Work to be completed:
Repeat the entire listing exactly.

Material supplied:
lemma mobius_comp_None:
  assumes det: "a' * d' - b' * c' = 1"
  shows "mobius a b c d (mobius a' b' c' d' None) =
         mobius (a*a' + b*c') (a*b' + b*d') (c*a' + d*c') (c*b' + d*d') None"
proof (cases "c' = 0")
  case True
  with det have "a' \<noteq> 0"
    by auto
  with True show ?thesis
    by (simp add: mobius_Some mobius_None)
next
  case False
  have num: "a * (a' / c') + b = (a*a' + b*c') / c'"
    and den: "c * (a' / c') + d = (c*a' + d*c') / c'"
    using False by (simp_all add: field_simps)
  from False have "mobius a b c d (mobius a' b' c' d' None) = mobius a b c d (Some (a' / c'))"
    by (simp add: mobius_None)
  also have "\<dots> = (if (c*a' + d*c') / c' = 0 then None
                   else Some (((a*a' + b*c') / c') / ((c*a' + d*c') / c')))"
    by (simp only: mobius_Some num den)
  also have "\<dots> = mobius (a*a' + b*c') (a*b' + b*d') (c*a' + d*c') (c*b' + d*d') None"
    using False by (simp add: mobius_None)
  finally show ?thesis .
qed

lemma mobius_comp_Some:
  assumes det: "a' * d' - b' * c' = 1"
  shows "mobius a b c d (mobius a' b' c' d' (Some z)) =
         mobius (a*a' + b*c') (a*b' + b*d') (c*a' + d*c') (c*b' + d*d') (Some z)"
proof (cases "c' * z + d' = 0")
  case True
  have "a' * z + b' \<noteq> 0"
  proof
    assume "a' * z + b' = 0"
    moreover have "a' * d' - b' * c' = a' * (c' * z + d') - (a' * z + b') * c'"
      by (simp add: algebra_simps)
    ultimately show False
      using True det by simp
  qed
  moreover have "(c*a' + d*c') * z + (c*b' + d*d') = c * (a' * z + b') + d * (c' * z + d')"
    and "(a*a' + b*c') * z + (a*b' + b*d') = a * (a' * z + b') + b * (c' * z + d')"
    by (simp_all add: algebra_simps)
  ultimately show ?thesis
    using True by (simp add: mobius_Some mobius_None)
next
  case False
  define w where "w = (a' * z + b') / (c' * z + d')"
  have "c * w + d = ((c*a' + d*c') * z + (c*b' + d*d')) / (c' * z + d')"
    and "a * w + b = ((a*a' + b*c') * z + (a*b' + b*d')) / (c' * z + d')"
    using False by (simp_all add: w_def field_simps)
  with False show ?thesis
    by (simp add: mobius_Some w_def[symmetric])
qed

lemma mobius_comp:
  assumes "a' * d' - b' * c' = 1"
  shows "mobius a b c d \<circ> mobius a' b' c' d' =
         mobius (a*a' + b*c') (a*b' + b*d') (c*a' + d*c') (c*b' + d*d')"
proof
  fix x
  show "(mobius a b c d \<circ> mobius a' b' c' d') x =
      mobius (a*a' + b*c') (a*b' + b*d') (c*a' + d*c') (c*b' + d*d') x"
    using assms by (cases x) (simp_all only: comp_apply mobius_comp_None mobius_comp_Some)
qed

lemma mobius_id: "mobius 1 0 0 1 = id"
  by (rule ext) (simp add: mobius_def split: option.splits)

lemma Mob_comp:
  assumes "f \<in> Mob" "g \<in> Mob"
  shows "f \<circ> g \<in> Mob"
proof -
  obtain a b c d a' b' c' d' where f: "f = mobius a b c d" "a * d - b * c = 1"
    and g: "g = mobius a' b' c' d'" "a' * d' - b' * c' = 1"
    using assms unfolding Mob_def by blast
  have "(a*a' + b*c') * (c*b' + d*d') - (a*b' + b*d') * (c*a' + d*c') =
        (a * d - b * c) * (a' * d' - b' * c')"
    by (simp add: algebra_simps)
  with f g show ?thesis
    unfolding Mob_def by (auto simp: mobius_comp)
qed

lemma Mob_inverse:
  assumes "T \<in> Mob"
  obtains S where "S \<in> Mob" "S \<circ> T = id"
proof -
  obtain a b c d where T: "T = mobius a b c d" "a * d - b * c = 1"
    using assms unfolding Mob_def by blast
  then have "mobius d (-b) (-c) a \<in> Mob"
    unfolding Mob_def
    by (intro CollectI exI[of _ d] exI[of _ "-b"] exI[of _ "-c"] exI[of _ a])
       (simp add: algebra_simps)
  moreover from T have "mobius d (-b) (-c) a \<circ> T = id"
    by (simp add: mobius_comp algebra_simps flip: mobius_id)
  ultimately show thesis
    by (rule that)
qed

lemma Mob_cancel_left:
  assumes "T \<in> Mob" "T \<circ> f \<in> Mob"
  shows "f \<in> Mob"
proof -
  obtain S where "S \<in> Mob" "S \<circ> T = id"
    using assms(1) by (rule Mob_inverse)
  then have "f = S \<circ> (T \<circ> f)"
    by (metis comp_assoc id_comp)
  with \<open>S \<in> Mob\<close> assms(2) show ?thesis
    by (metis Mob_comp)
qed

Task solution:
lemma mobius_comp_None:
  assumes det: "a' * d' - b' * c' = 1"
  shows "mobius a b c d (mobius a' b' c' d' None) =
         mobius (a*a' + b*c') (a*b' + b*d') (c*a' + d*c') (c*b' + d*d') None"
proof (cases "c' = 0")
  case True
  with det have "a' \<noteq> 0"
    by auto
  with True show ?thesis
    by (simp add: mobius_Some mobius_None)
next
  case False
  have num: "a * (a' / c') + b = (a*a' + b*c') / c'"
    and den: "c * (a' / c') + d = (c*a' + d*c') / c'"
    using False by (simp_all add: field_simps)
  from False have "mobius a b c d (mobius a' b' c' d' None) = mobius a b c d (Some (a' / c'))"
    by (simp add: mobius_None)
  also have "\<dots> = (if (c*a' + d*c') / c' = 0 then None
                   else Some (((a*a' + b*c') / c') / ((c*a' + d*c') / c')))"
    by (simp only: mobius_Some num den)
  also have "\<dots> = mobius (a*a' + b*c') (a*b' + b*d') (c*a' + d*c') (c*b' + d*d') None"
    using False by (simp add: mobius_None)
  finally show ?thesis .
qed

lemma mobius_comp_Some:
  assumes det: "a' * d' - b' * c' = 1"
  shows "mobius a b c d (mobius a' b' c' d' (Some z)) =
         mobius (a*a' + b*c') (a*b' + b*d') (c*a' + d*c') (c*b' + d*d') (Some z)"
proof (cases "c' * z + d' = 0")
  case True
  have "a' * z + b' \<noteq> 0"
  proof
    assume "a' * z + b' = 0"
    moreover have "a' * d' - b' * c' = a' * (c' * z + d') - (a' * z + b') * c'"
      by (simp add: algebra_simps)
    ultimately show False
      using True det by simp
  qed
  moreover have "(c*a' + d*c') * z + (c*b' + d*d') = c * (a' * z + b') + d * (c' * z + d')"
    and "(a*a' + b*c') * z + (a*b' + b*d') = a * (a' * z + b') + b * (c' * z + d')"
    by (simp_all add: algebra_simps)
  ultimately show ?thesis
    using True by (simp add: mobius_Some mobius_None)
next
  case False
  define w where "w = (a' * z + b') / (c' * z + d')"
  have "c * w + d = ((c*a' + d*c') * z + (c*b' + d*d')) / (c' * z + d')"
    and "a * w + b = ((a*a' + b*c') * z + (a*b' + b*d')) / (c' * z + d')"
    using False by (simp_all add: w_def field_simps)
  with False show ?thesis
    by (simp add: mobius_Some w_def[symmetric])
qed

lemma mobius_comp:
  assumes "a' * d' - b' * c' = 1"
  shows "mobius a b c d \<circ> mobius a' b' c' d' =
         mobius (a*a' + b*c') (a*b' + b*d') (c*a' + d*c') (c*b' + d*d')"
proof
  fix x
  show "(mobius a b c d \<circ> mobius a' b' c' d') x =
      mobius (a*a' + b*c') (a*b' + b*d') (c*a' + d*c') (c*b' + d*d') x"
    using assms by (cases x) (simp_all only: comp_apply mobius_comp_None mobius_comp_Some)
qed

lemma mobius_id: "mobius 1 0 0 1 = id"
  by (rule ext) (simp add: mobius_def split: option.splits)

lemma Mob_comp:
  assumes "f \<in> Mob" "g \<in> Mob"
  shows "f \<circ> g \<in> Mob"
proof -
  obtain a b c d a' b' c' d' where f: "f = mobius a b c d" "a * d - b * c = 1"
    and g: "g = mobius a' b' c' d'" "a' * d' - b' * c' = 1"
    using assms unfolding Mob_def by blast
  have "(a*a' + b*c') * (c*b' + d*d') - (a*b' + b*d') * (c*a' + d*c') =
        (a * d - b * c) * (a' * d' - b' * c')"
    by (simp add: algebra_simps)
  with f g show ?thesis
    unfolding Mob_def by (auto simp: mobius_comp)
qed

lemma Mob_inverse:
  assumes "T \<in> Mob"
  obtains S where "S \<in> Mob" "S \<circ> T = id"
proof -
  obtain a b c d where T: "T = mobius a b c d" "a * d - b * c = 1"
    using assms unfolding Mob_def by blast
  then have "mobius d (-b) (-c) a \<in> Mob"
    unfolding Mob_def
    by (intro CollectI exI[of _ d] exI[of _ "-b"] exI[of _ "-c"] exI[of _ a])
       (simp add: algebra_simps)
  moreover from T have "mobius d (-b) (-c) a \<circ> T = id"
    by (simp add: mobius_comp algebra_simps flip: mobius_id)
  ultimately show thesis
    by (rule that)
qed

lemma Mob_cancel_left:
  assumes "T \<in> Mob" "T \<circ> f \<in> Mob"
  shows "f \<in> Mob"
proof -
  obtain S where "S \<in> Mob" "S \<circ> T = id"
    using assms(1) by (rule Mob_inverse)
  then have "f = S \<circ> (T \<circ> f)"
    by (metis comp_assoc id_comp)
  with \<open>S \<in> Mob\<close> assms(2) show ?thesis
    by (metis Mob_comp)
qed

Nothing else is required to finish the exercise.